Ogni cosa va compresa come coordinata all’Uno e avente come fine l’Uno e per­ciò l’atto perfetto della sua natura, ciò vale per tutti gli ordini dell’universo, quindi anche per il mondo. Il mondo è costituito come misto, se esso non sussistesse l’at­tività provvidenziale sarebbe incompleta, ma in esso i diversi generi derivati partecipano dell’Uno, secondo una graduazione discendente, perciò, più gli enti mondani sono distanti dall’Uno, più partecipano dell’alterità e della contrarietà e dunque del male. Il male per Proclo non ha un fondamento divino, né possiede una sostanzialità permanente ed eterna, ma è ciò che inerisce alla costituzione dell’alterità e dunque alla contrarietà. Ma anche il dominio dell’alterità è voluto dalla Provvidenza, con tutte le sue limitazioni, perciò il male è necessario alla costituzione degli enti nella distinzione, alla quale si associa la pena della privazione dell’Uno. Gli enti che partecipano di più della materia e dell’alterità, partecipano meno della ragione e dell’unità, tutto ciò è secondo natura e giustizia, ma ad essi inerisce un tipo di vita relativamente penoso. Il Bene impera sempre su tutto e dunque il male, essen­zialmente, non esiste per l’Uno[5]. Ciò che è necessario ad un certo dominio, perché possa sussistere, rientra anch’esso nel disegno assoluto della Provvidenza Suprema, perciò secondo l’Uno è un bene relativo. Dunque, a livello dell’Uno il male non ha alcuna sussistenza, hyparxis, né sostanza, hypostasis, esso compare come accidente illusorio con la costituzione dell’alterità e degli esseri misti, ma non ha una vera realtà nell’Essere, perciò è parhypostasis, ovvero è pseudosostanziale.

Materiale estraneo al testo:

text \<open>The binomial theorem for the commuting matrices c H and d H.\<close>

lemma exp_series_Cauchy_coeff:
  fixes c d :: complex
  assumes H: "H \<in> carrier_mat n n" and i: "i < n" and l: "l < n"
  shows "(\<Sum>j<n. \<Sum>k\<le>p. c ^ k * (H ^\<^sub>m k) $$ (i,j) / fact k * (d ^ (p - k) * (H ^\<^sub>m (p - k)) $$ (j,l) / fact (p - k)))
       = (c + d) ^ p * (H ^\<^sub>m p) $$ (i,l) / fact p"
proof -
  have "(\<Sum>j<n. \<Sum>k\<le>p. c ^ k * (H ^\<^sub>m k) $$ (i,j) / fact k * (d ^ (p - k) * (H ^\<^sub>m (p - k)) $$ (j,l) / fact (p - k)))
      = (\<Sum>k\<le>p. c ^ k * d ^ (p - k) / (fact k * fact (p - k))
           * (\<Sum>j<n. (H ^\<^sub>m k) $$ (i,j) * (H ^\<^sub>m (p - k)) $$ (j,l)))"
    unfolding sum_distrib_left by (subst sum.swap) (intro sum.cong refl, simp)
  also have "\<dots> = (\<Sum>k\<le>p. c ^ k * d ^ (p - k) / (fact k * fact (p - k)) * (H ^\<^sub>m p) $$ (i,l))"
  proof (intro sum.cong refl arg_cong[where f = "\<lambda>x. _ * x"])
    fix k assume "k \<in> {..p}"
    then show "(\<Sum>j<n. (H ^\<^sub>m k) $$ (i,j) * (H ^\<^sub>m (p - k)) $$ (j,l)) = (H ^\<^sub>m p) $$ (i,l)"
      using H i l by (subst index_mult_mat_sum[of _ n n _ n, symmetric]) (auto simp: pow_mat_add)
  qed
  also have "\<dots> = (\<Sum>k\<le>p. of_nat (p choose k) * c ^ k * d ^ (p - k)) * (H ^\<^sub>m p) $$ (i,l) / fact p"
    by (auto simp: sum_distrib_right sum_divide_distrib binomial_fact intro!: sum.cong)
  also have "\<dots> = (c + d) ^ p * (H ^\<^sub>m p) $$ (i,l) / fact p"
    by (simp add: binomial_ring)
  finally show ?thesis .
qed

lemma mat_exp_smult_add:
  assumes H: "H \<in> carrier_mat n n"
  shows "mat_exp (c \<cdot>\<^sub>m H) * mat_exp (d \<cdot>\<^sub>m H) = mat_exp ((c + d) \<cdot>\<^sub>m H)"
proof (rule eq_matI)
  fix i l assume "i < dim_row (mat_exp ((c + d) \<cdot>\<^sub>m H))" "l < dim_col (mat_exp ((c + d) \<cdot>\<^sub>m H))"
  then have i: "i < n" and l: "l < n" using H by (auto simp: mat_exp_def)
  define a where "a j k = c ^ k * (H ^\<^sub>m k) $$ (i,j) / fact k" for j k
  define b where "b j k = d ^ k * (H ^\<^sub>m k) $$ (j,l) / fact k" for j k
  have sa: "summable (\<lambda>k. norm (a j k))" if "j < n" for j
    unfolding a_def using summable_norm_exp_series_index[OF H i that] .
  have sb: "summable (\<lambda>k. norm (b j k))" if "j < n" for j
    unfolding b_def using summable_norm_exp_series_index[OF H that l] .
  have "(mat_exp (c \<cdot>\<^sub>m H) * mat_exp (d \<cdot>\<^sub>m H)) $$ (i,l) = (\<Sum>j<n. (\<Sum>k. a j k) * (\<Sum>k. b j k))"
    using H i l unfolding a_def b_def
    by (subst index_mult_mat_sum[of _ n n _ n]) (auto simp: mat_exp_smult_carrier index_mat_exp_smult)
  also have "\<dots> = (\<Sum>j<n. \<Sum>p. \<Sum>k\<le>p. a j k * b j (p - k))"
    by (intro sum.cong refl Cauchy_product sa sb) auto
  also have "\<dots> = (\<Sum>p. \<Sum>j<n. \<Sum>k\<le>p. a j k * b j (p - k))"
    by (rule suminf_sum[symmetric]) (intro summable_Cauchy_product sa sb, auto)
  also have "\<dots> = (\<Sum>p. (c + d) ^ p * (H ^\<^sub>m p) $$ (i,l) / fact p)"
    unfolding a_def b_def exp_series_Cauchy_coeff[OF H i l] ..
  also have "\<dots> = mat_exp ((c + d) \<cdot>\<^sub>m H) $$ (i,l)"
    using H i l by (simp add: index_mat_exp_smult)
  finally show "(mat_exp (c \<cdot>\<^sub>m H) * mat_exp (d \<cdot>\<^sub>m H)) $$ (i,l) = mat_exp ((c + d) \<cdot>\<^sub>m H) $$ (i,l)" .
qed (use H in \<open>auto simp: mat_exp_def\<close>)

lemma mat_exp_smult_zero:
  assumes H: "H \<in> carrier_mat n n"
  shows "mat_exp (0 \<cdot>\<^sub>m H) = 1\<^sub>m n"
proof (rule eq_matI)
  fix i j assume "i < dim_row (1\<^sub>m n)" "j < dim_col (1\<^sub>m n)"
  then have ij: "i < n" "j < n" by auto
  have "(\<lambda>k. (0::complex) ^ k * (H ^\<^sub>m k) $$ (i,j) / fact k) sums (H ^\<^sub>m 0) $$ (i,j)"
    by (rule sums_single[of 0 "\<lambda>_. (H ^\<^sub>m 0) $$ (i,j)", THEN sums_cong[THEN iffD1, rotated]]) auto
  then show "mat_exp (0 \<cdot>\<^sub>m H) $$ (i,j) = 1\<^sub>m n $$ (i,j)"
    using H ij by (simp add: index_mat_exp_smult sums_iff)
qed (use H in \<open>auto simp: mat_exp_def\<close>)

lemma cnj_suminf: "summable f \<Longrightarrow> cnj (suminf f) = (\<Sum>k. cnj (f k))"
  by (metis summable_sums sums_cnj sums_unique)

lemma hermitian_index_pow_mat:
  assumes h: "hermitian n H" and "i < n" "j < n"
  shows "cnj ((H ^\<^sub>m k) $$ (j,i)) = (H ^\<^sub>m k) $$ (i,j)"
  using assms(2,3)
proof (induction k arbitrary: i j)
  case 0
  then show ?case using h by (auto simp: hermitian_def)
next
  case (Suc k)
  have H: "H \<in> carrier_mat n n" and aH: "adj H = H" using h by (auto simp: hermitian_def)
  have H_cnj: "cnj (H $$ (j,i)) = H $$ (i,j)" if "i < n" "j < n" for i j
    using arg_cong[OF aH, of "\<lambda>M. M $$ (i,j)"] H that by (simp add: adj_def)
  have "cnj ((H ^\<^sub>m Suc k) $$ (j,i)) = cnj (\<Sum>l<n. (H ^\<^sub>m k) $$ (j,l) * H $$ (l,i))"
    using H Suc by (subst pow_mat.simps(2), subst index_mult_mat_sum[of _ n n _ n]) auto
  also have "\<dots> = (\<Sum>l<n. H $$ (i,l) * (H ^\<^sub>m k) $$ (l,j))"
    using Suc H_cnj by (auto simp: mult.commute intro!: sum.cong)
  also have "\<dots> = (H * H ^\<^sub>m k) $$ (i,j)"
    using H Suc by (subst index_mult_mat_sum[of _ n n _ n]) auto
  also have "H * H ^\<^sub>m k = H ^\<^sub>m Suc k"
    using pow_mat_add[OF H, of 1 k] H by simp
  finally show ?case .
qed

lemma adj_mat_exp_smult:
  assumes h: "hermitian n H"
  shows "adj (mat_exp (c \<cdot>\<^sub>m H)) = mat_exp (cnj c \<cdot>\<^sub>m H)"
proof (rule eq_matI)
  have H: "H \<in> carrier_mat n n" using h by (simp add: hermitian_def)
  then show dims: "dim_row (adj (mat_exp (c \<cdot>\<^sub>m H))) = dim_row (mat_exp (cnj c \<cdot>\<^sub>m H))"
    "dim_col (adj (mat_exp (c \<cdot>\<^sub>m H))) = dim_col (mat_exp (cnj c \<cdot>\<^sub>m H))"
    by (simp_all add: adj_def mat_exp_def)
  fix i j assume "i < dim_row (mat_exp (cnj c \<cdot>\<^sub>m H))" "j < dim_col (mat_exp (cnj c \<cdot>\<^sub>m H))"
  then have ij: "i < n" "j < n" using H by (auto simp: mat_exp_def)
  have sm: "summable (\<lambda>k. c ^ k * (H ^\<^sub>m k) $$ (j,i) / fact k)"
    by (rule summable_norm_cancel[OF summable_norm_exp_series_index[OF H ij(2) ij(1)]])
  have "adj (mat_exp (c \<cdot>\<^sub>m H)) $$ (i,j) = cnj (\<Sum>k. c ^ k * (H ^\<^sub>m k) $$ (j,i) / fact k)"
    using H ij mat_exp_smult_carrier[OF H, of c] by (simp add: adj_def index_mat_exp_smult)
  also have "\<dots> = (\<Sum>k. cnj c ^ k * (H ^\<^sub>m k) $$ (i,j) / fact k)"
    using hermitian_index_pow_mat[OF h ij] by (simp add: cnj_suminf[OF sm])
  also have "\<dots> = mat_exp (cnj c \<cdot>\<^sub>m H) $$ (i,j)"
    using H ij by (simp add: index_mat_exp_smult)
  finally show "adj (mat_exp (c \<cdot>\<^sub>m H)) $$ (i,j) = mat_exp (cnj c \<cdot>\<^sub>m H) $$ (i,j)" .
qed
lemma fsize_threshold:
  assumes "2 \<le> K" and "Suc k < K"
  shows "fsize (threshold a c k S l)
    \<le> 4 * (8 * K * K) ^ Suc (length l) * (1 + (\<Sum>p\<leftarrow>l. fsize (snd p)))"
proof -
  define X where "X = (8 * K * K) ^ Suc (length l) * (1 + (\<Sum>p\<leftarrow>l. fsize (snd p)))"
  have "fsize (at_least a l T) \<le> X" if "T \<le> Suc k" for T
    unfolding X_def using assms that by (intro fsize_at_least) auto
  then have "fsize (at_least a l (k - S)) \<le> X" "fsize (at_least a l (Suc k - S)) \<le> X"
    by simp_all
  moreover have "0 < X" using assms(1) by (simp add: X_def)
  ultimately have "fsize (threshold a c k S l) \<le> 4 * X"
    by (cases c) (simp_all add: threshold_def)
  then show ?thesis by (simp add: X_def mult.assoc)
qed

lemma fsize_count_terms: "1 + (\<Sum>p\<leftarrow>count_terms ts. fsize (snd p)) \<le> fsize (Cmp ts c k)"
  by (induction ts rule: count_terms.induct) auto
(* Let $\overrightarrow{W}$ be a Morse sequence on a simplicial complex $K$, with reference map $\curlywedge$ and coreference map $\curlyvee$. Let $\kappa$ be a critical simplex of $\overrightarrow{W}$ and $\nu\in K$. Then (1) $\kappa\in\curlywedge(\nu)$ if and only if the number of gradient paths in $\overrightarrow{W}$ from $\nu$ to $\kappa$ is odd; (2) $\kappa\in\curlyvee(\nu)$ if and only if the number of cogradient paths in $\overrightarrow{W}$ from $\kappa$ to $\nu$ is odd.
   Context: A simplicial complex $K$ is a finite collection of non-empty finite sets closed under taking non-empty subsets; members are simplices, $\dim\sigma=|\sigma|-1$, $K^{(p)}$ is the set of $p$-simplices, a facet is a maximal simplex. A pair $(\sigma,\tau)$ with $\sigma\subsetneq\tau$ is a free pair for $K$ if $\tau$ is the only simplex of $K$ other than $\sigma$ containing $\sigma$; then $K$ is an elementary expansion of $K\setminus\{\sigma,\tau\}$. If $\nu$ is a facet of $K$, $K$ is an elementary filling of $K\setminus\{\nu\}$. A Morse sequence on $K$ is a sequence $\langle\emptyset=K_0,\dots,K_k=K\rangle$ with each $K_i$ an elementary expansion or elementary filling of $K_{i-1}$. A simplex added by a filling is critical; if $K_i=K_{i-1}\cup\{\sigma,\tau\}$ is an expansion with $\sigma\subset\tau$, $(\sigma,\tau)$ is a regular pair, $\sigma$ is lower regular and $\tau$ upper regular. Chains mod 2: $K[p]$ is the $\mathbb{Z}_2$-vector space of subsets of $K^{(p)}$ (sum = symmetric difference, empty chain $=0$). For $\sigma\in K^{(p)}$, $\partial(\sigma)=\{\tau\in K^{(p-1)}:\tau\subset\sigma\}$, $\delta(\sigma)=\{\tau\in K^{(p+1)}:\sigma\subset\tau\}$. The reference map $\curlywedge$ is the unique map assigning to each $p$-simplex $\nu$ a set $\curlywedge(\nu)$ of critical $p$-simplices, extended linearly to chains ($\curlywedge(c)=\sum_{\nu\in c}\curlywedge(\nu)$ mod 2), such that $\curlywedge(\nu)=\{\nu\}$ for critical $\nu$, and $\curlywedge(\tau)=0$, $\curlywedge(\partial(\tau))=0$ for every upper regular $\tau$. The coreference map $\curlyvee$ is the unique such map with $\curlyvee(\nu)=\{\nu\}$ for critical $\nu$ and $\curlyvee(\sigma)=0$, $\curlyvee(\delta(\sigma))=0$ for every lower regular $\sigma$. A gradient path in $\overrightarrow{W}$ from $\sigma_0$ to $\sigma_k$ is a sequence $\langle\sigma_0,\tau_0,\dots,\sigma_{k-1},\tau_{k-1},\sigma_k\rangle$, $k\ge0$, with $\sigma_i\in K^{(p)}$, $\tau_i\in K^{(p+1)}$, such that for each $i\in[0,k-1]$, $(\sigma_i,\tau_i)$ is a regular pair and $\sigma_{i+1}\in\partial(\tau_i)$ with $\sigma_{i+1}\neq\sigma_i$. A cogradient path from $\tau_0$ to $\tau_k$ is a sequence $\langle\tau_0,\sigma_1,\tau_1,\dots,\sigma_k,\tau_k\rangle$, $k\ge0$, with $\tau_i\in K^{(p)}$, $\sigma_i\in K^{(p-1)}$, such that for each $i\in[1,k]$, $(\sigma_i,\tau_i)$ is a regular pair and $\tau_{i-1}\in\delta(\sigma_i)$ with $\tau_i\neq\tau_{i-1}$. (Paths with $k=0$ are trivial paths $\langle\sigma_0\rangle$.) *)

theory Defs
  imports Main
begin
lemma polar_map_frontier:
  fixes X :: "(complex ^ 'n) set"
  assumes "convex_body X" "0 \<in> interior X" "C2_boundary X" "x \<in> frontier X"
  shows "polar_map X x \<in> symp_polar X" "symp_form x (polar_map X x) = 1"
proof -
  have "closed X" "convex X"
    using assms(1) by (auto simp: convex_body_def compact_imp_closed)
  obtain u where u: "\<forall>z\<in>X. inner u z \<le> 1" "inner u x = 1"
    using exists_normalized_supporting_functional[OF \<open>convex X\<close> assms(2,4)] by blast
  have y: "cJ u \<in> symp_polar X \<and> symp_form x (cJ u) = 1"
    using u by (simp add: symp_polar_def symp_form_def inner_commute)
  have "polar_map X x = cJ u"
    unfolding polar_map_def
  proof (rule the_equality)
    fix y' assume "y' \<in> symp_polar X \<and> symp_form x y' = 1"
    then show "y' = cJ u"
      using y symp_polar_contact_unique[OF \<open>closed X\<close> assms(3,4)] by blast
  qed (rule y)
  then show "polar_map X x \<in> symp_polar X" "symp_form x (polar_map X x) = 1"
    using y by simp_all
qed

lemma uminus_mem_symp_polar_self:
  assumes "symp_polar X = X" "x \<in> X"
  shows "- x \<in> symp_polar X"
proof -
  have "symp_form z (- x) \<le> 1" if "z \<in> X" for z
  proof -
    have "symp_form x z \<le> 1"
      using that assms unfolding symp_polar_def by blast
    then show ?thesis
      using symp_form_antisym[of z x] by (simp add: symp_form_def)
  qed
  then show ?thesis
    by (simp add: symp_polar_def)
qed

lemma continuous_on_symp_form [continuous_intros]:
  "continuous_on S f \<Longrightarrow> continuous_on S g \<Longrightarrow> continuous_on S (\<lambda>t. symp_form (f t) (g t))"
  unfolding symp_form_def
  by (intro continuous_intros bounded_linear.continuous_on[OF linear_cJ[unfolded linear_conv_bounded_linear]])
(* Let $p$ be a prime, $m$ a positive integer, $q=p^m$, and $q-1=3s$ with $s$ a positive integer. Let $\gamma$ be a primitive element of $\mathbb{F}_q$ and $\xi=\gamma^s$ (so $\xi^3=1$, $\xi$ a primitive cube root of unity). Let $r$ be a positive integer and $f\in\mathbb{F}_q[x]$ with $f(x)\equiv ax^2+bx+c\pmod{x^3-1}$ for some $a,b,c\in\mathbb{F}_q$ satisfying $a^2+b^2+c^2-ab-bc-ca=1$. Let $A_i=f(\xi^i)$ for $i=0,1,2$ and $P(x)=x^rf(x^s)$. Then $P(x)$ is a permutation polynomial of $\mathbb{F}_q$ if and only if $\gcd(r,s)=1$, $A_i\neq0$ for $i=0,1,2$, $A_0^s=1$, $3\mid\mathrm{Ind}_\gamma(A_0)$, and $3\nmid r+\mathrm{Ind}_\gamma(A_2^2)$.
   Context: A permutation polynomial of $\mathbb{F}_q$ is one inducing a bijection of $\mathbb{F}_q$. For nonzero $a\in\mathbb{F}_q$, $\mathrm{Ind}_\gamma(a)$ is the residue class $b\bmod(q-1)$ with $a=\gamma^b$; divisibility by $3$ is well defined since $3\mid q-1$. *)

theory Defs
  imports "HOL-Computational_Algebra.Polynomial" "HOL-Computational_Algebra.Primes"
begin

definition primitive_elem :: "'a::{field,finite} \<Rightarrow> bool" where
  "primitive_elem g \<longleftrightarrow> g \<noteq> 0 \<and> (\<forall>x. x \<noteq> 0 \<longrightarrow> (\<exists>k::nat. x = g ^ k))"

definition Ind :: "'a::{field,finite} \<Rightarrow> 'a \<Rightarrow> nat" where
  "Ind g a = (LEAST b::nat. g ^ b = a)"

definition perm_poly :: "'a::{field,finite} poly \<Rightarrow> bool" where
  "perm_poly P \<longleftrightarrow> bij (\<lambda>x. poly P x)"

end

theory Submission
  imports Defs
begin

(* Put \<zeta> = \<gamma>^s; as q - 1 = d s, it generates the d-th roots of unity (here d = 3).
  For x = \<gamma>^k one has P(x) = \<gamma>^(k r) f(\<zeta>^k), and P(x)^s = \<zeta>^(k r) f(\<zeta>^k)^s depends only
  on k mod d. So if gcd(r, s) = 1, f has no zero on the d-th roots of unity and x^r f(x)^s
  permutes them, then P(x) determines k mod d and then k r mod q - 1, hence k mod q - 1.
  Conversely, a common factor g of r and s gives the collision P(\<gamma>^(d s/g)) = P(1), and
  surjectivity of P makes x^r f(x)^s hit every d-th root of unity.
  For d = 3 the values A_i = f(\<zeta>^i) = a \<zeta>^(2i) + b \<zeta>^i + c satisfy A_1 A_2 =
  a^2 + b^2 + c^2 - ab - bc - ca = 1, so the cube roots of unity B_i = \<zeta>^(i r) A_i^s have
  B_1 B_2 = 1, and such B_0, B_1, B_2 are distinct iff B_0 = 1 and B_1 <> 1. Finally
  B_0 = A_0^s, and B_1 = \<zeta>^(r + Ind(A_2^2)) since A_1^s = A_2^(-s) = A_2^(2s). *)

lemma power_mod_eq_if_power_eq_one:
  fixes z :: "'a::monoid_mult"
  assumes "z ^ n = 1"
  shows "z ^ (k mod n) = z ^ k"
proof -
  have "z ^ k = z ^ (n * (k div n) + k mod n)"
    by simp
  also have "\<dots> = (z ^ n) ^ (k div n) * z ^ (k mod n)"
    by (simp only: power_add power_mult)
  finally show ?thesis
    using assms by simp
qed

La natura del male è mancanza e privazione, questi elementi non sussistono nell’Uni­tà Divina Suprema, ma, come abbiamo visto, procedono dalla Diade metafisica, nella quale sussiste il principio di ogni alterità e dunque di ogni male. A far principio dalla Diade si pro­duce la comunicazione dell’Unità all’alterità, un’alterità necessaria, per cui anche il degrado e la privazione fanno parte di un disegno provvidenziale che è compreso nel Bene Supremo, un disegno che prevede l’attuazione della Possibilità Totale in tutti i suoi modi. È perciò prevedibile la costituzione di un dominio in cui, sussisten­do la determinazione, non sia presente la pura attualità dell’Essere indeterminato, ad ogni determinazione deve perciò essere associata una relativa privazione, col grado di pena che questa privazione reca con sé. Ma, secondo la visione divina non duale, non vi è qualche luogo del Tutto in cui sussista realmente il male, quindi non esiste un male assoluto, perché ogni relatività è compresa nell’unità della Provvidenza Suprema ed è regolata dalla sua Perfetta Giustizia. La stessa anima determinata dell’uomo è collocata in un determinato luogo del Tutto, perché la perfezione del Tutto sia attuata attraverso quella precisa costituzione.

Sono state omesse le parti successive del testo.